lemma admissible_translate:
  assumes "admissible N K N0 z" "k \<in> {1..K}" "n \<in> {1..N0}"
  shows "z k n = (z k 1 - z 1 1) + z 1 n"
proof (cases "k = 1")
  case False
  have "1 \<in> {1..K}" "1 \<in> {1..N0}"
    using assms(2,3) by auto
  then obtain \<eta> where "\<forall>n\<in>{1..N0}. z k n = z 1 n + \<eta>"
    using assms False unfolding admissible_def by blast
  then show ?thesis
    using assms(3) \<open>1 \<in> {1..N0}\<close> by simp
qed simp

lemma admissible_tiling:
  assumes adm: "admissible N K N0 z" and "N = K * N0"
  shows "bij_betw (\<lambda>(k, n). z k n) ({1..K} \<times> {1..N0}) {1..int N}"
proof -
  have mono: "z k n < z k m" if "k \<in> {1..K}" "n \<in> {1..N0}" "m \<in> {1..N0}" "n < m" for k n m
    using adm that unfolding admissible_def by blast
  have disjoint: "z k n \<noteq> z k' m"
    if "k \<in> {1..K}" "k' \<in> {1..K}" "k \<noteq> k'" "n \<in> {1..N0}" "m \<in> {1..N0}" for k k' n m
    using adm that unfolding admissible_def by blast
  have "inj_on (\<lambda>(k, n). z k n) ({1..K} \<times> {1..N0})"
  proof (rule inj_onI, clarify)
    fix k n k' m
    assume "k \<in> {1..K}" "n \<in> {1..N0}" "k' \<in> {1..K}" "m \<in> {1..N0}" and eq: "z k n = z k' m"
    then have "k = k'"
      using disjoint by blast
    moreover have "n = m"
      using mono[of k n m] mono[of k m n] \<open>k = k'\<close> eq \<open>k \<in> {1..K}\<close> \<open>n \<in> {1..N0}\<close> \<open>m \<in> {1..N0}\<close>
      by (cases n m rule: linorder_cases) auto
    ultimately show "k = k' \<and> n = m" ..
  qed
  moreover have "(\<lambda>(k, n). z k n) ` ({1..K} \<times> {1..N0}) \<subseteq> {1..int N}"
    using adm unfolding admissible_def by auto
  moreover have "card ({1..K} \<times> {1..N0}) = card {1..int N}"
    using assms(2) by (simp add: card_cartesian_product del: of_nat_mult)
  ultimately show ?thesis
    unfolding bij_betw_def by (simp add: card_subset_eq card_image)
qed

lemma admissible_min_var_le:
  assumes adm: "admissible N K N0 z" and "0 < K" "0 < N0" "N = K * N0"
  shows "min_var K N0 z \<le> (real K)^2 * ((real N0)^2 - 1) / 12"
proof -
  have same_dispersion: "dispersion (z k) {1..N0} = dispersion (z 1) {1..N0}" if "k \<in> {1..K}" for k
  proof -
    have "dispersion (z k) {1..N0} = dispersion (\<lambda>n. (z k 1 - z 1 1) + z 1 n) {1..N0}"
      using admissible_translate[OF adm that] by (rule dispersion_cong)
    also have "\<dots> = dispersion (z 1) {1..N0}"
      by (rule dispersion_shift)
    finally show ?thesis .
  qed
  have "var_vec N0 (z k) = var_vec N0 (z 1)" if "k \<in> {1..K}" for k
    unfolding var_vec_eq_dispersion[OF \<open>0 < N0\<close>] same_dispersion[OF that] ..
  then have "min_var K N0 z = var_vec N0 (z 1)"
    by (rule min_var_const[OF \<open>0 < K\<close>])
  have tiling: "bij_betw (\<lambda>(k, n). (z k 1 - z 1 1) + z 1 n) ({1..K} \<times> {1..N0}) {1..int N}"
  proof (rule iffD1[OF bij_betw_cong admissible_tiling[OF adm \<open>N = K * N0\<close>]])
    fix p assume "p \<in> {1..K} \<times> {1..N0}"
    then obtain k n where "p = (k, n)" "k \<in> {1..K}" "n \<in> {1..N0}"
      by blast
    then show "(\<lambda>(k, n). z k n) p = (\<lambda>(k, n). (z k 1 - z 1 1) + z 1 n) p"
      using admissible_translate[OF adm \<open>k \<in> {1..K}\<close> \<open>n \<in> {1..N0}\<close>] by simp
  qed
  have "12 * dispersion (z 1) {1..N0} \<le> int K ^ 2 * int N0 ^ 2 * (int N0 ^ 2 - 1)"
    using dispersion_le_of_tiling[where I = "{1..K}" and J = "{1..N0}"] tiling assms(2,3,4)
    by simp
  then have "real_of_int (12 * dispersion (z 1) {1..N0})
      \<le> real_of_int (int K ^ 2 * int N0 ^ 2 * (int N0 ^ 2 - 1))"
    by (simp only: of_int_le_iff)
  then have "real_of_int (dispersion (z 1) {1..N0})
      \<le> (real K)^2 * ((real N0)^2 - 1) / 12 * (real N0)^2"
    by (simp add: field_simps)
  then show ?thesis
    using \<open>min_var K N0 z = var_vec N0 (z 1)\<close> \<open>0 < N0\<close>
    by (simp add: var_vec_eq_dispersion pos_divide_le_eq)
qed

============================================================

> EXERCISE GOAL
Reproduce, exactly as they stand in the data above, the lines from the one that holds "by (rule min_var_const[OF" to the one that holds "by (simp only: of_int_le_iff)", inclusive.

> ANSWER SECTION
    by (rule min_var_const[OF \<open>0 < K\<close>])
  have tiling: "bij_betw (\<lambda>(k, n). (z k 1 - z 1 1) + z 1 n) ({1..K} \<times> {1..N0}) {1..int N}"
  proof (rule iffD1[OF bij_betw_cong admissible_tiling[OF adm \<open>N = K * N0\<close>]])
    fix p assume "p \<in> {1..K} \<times> {1..N0}"
    then obtain k n where "p = (k, n)" "k \<in> {1..K}" "n \<in> {1..N0}"
      by blast
    then show "(\<lambda>(k, n). z k n) p = (\<lambda>(k, n). (z k 1 - z 1 1) + z 1 n) p"
      using admissible_translate[OF adm \<open>k \<in> {1..K}\<close> \<open>n \<in> {1..N0}\<close>] by simp
  qed
  have "12 * dispersion (z 1) {1..N0} \<le> int K ^ 2 * int N0 ^ 2 * (int N0 ^ 2 - 1)"
    using dispersion_le_of_tiling[where I = "{1..K}" and J = "{1..N0}"] tiling assms(2,3,4)
    by simp
  then have "real_of_int (12 * dispersion (z 1) {1..N0})
      \<le> real_of_int (int K ^ 2 * int N0 ^ 2 * (int N0 ^ 2 - 1))"
    by (simp only: of_int_le_iff)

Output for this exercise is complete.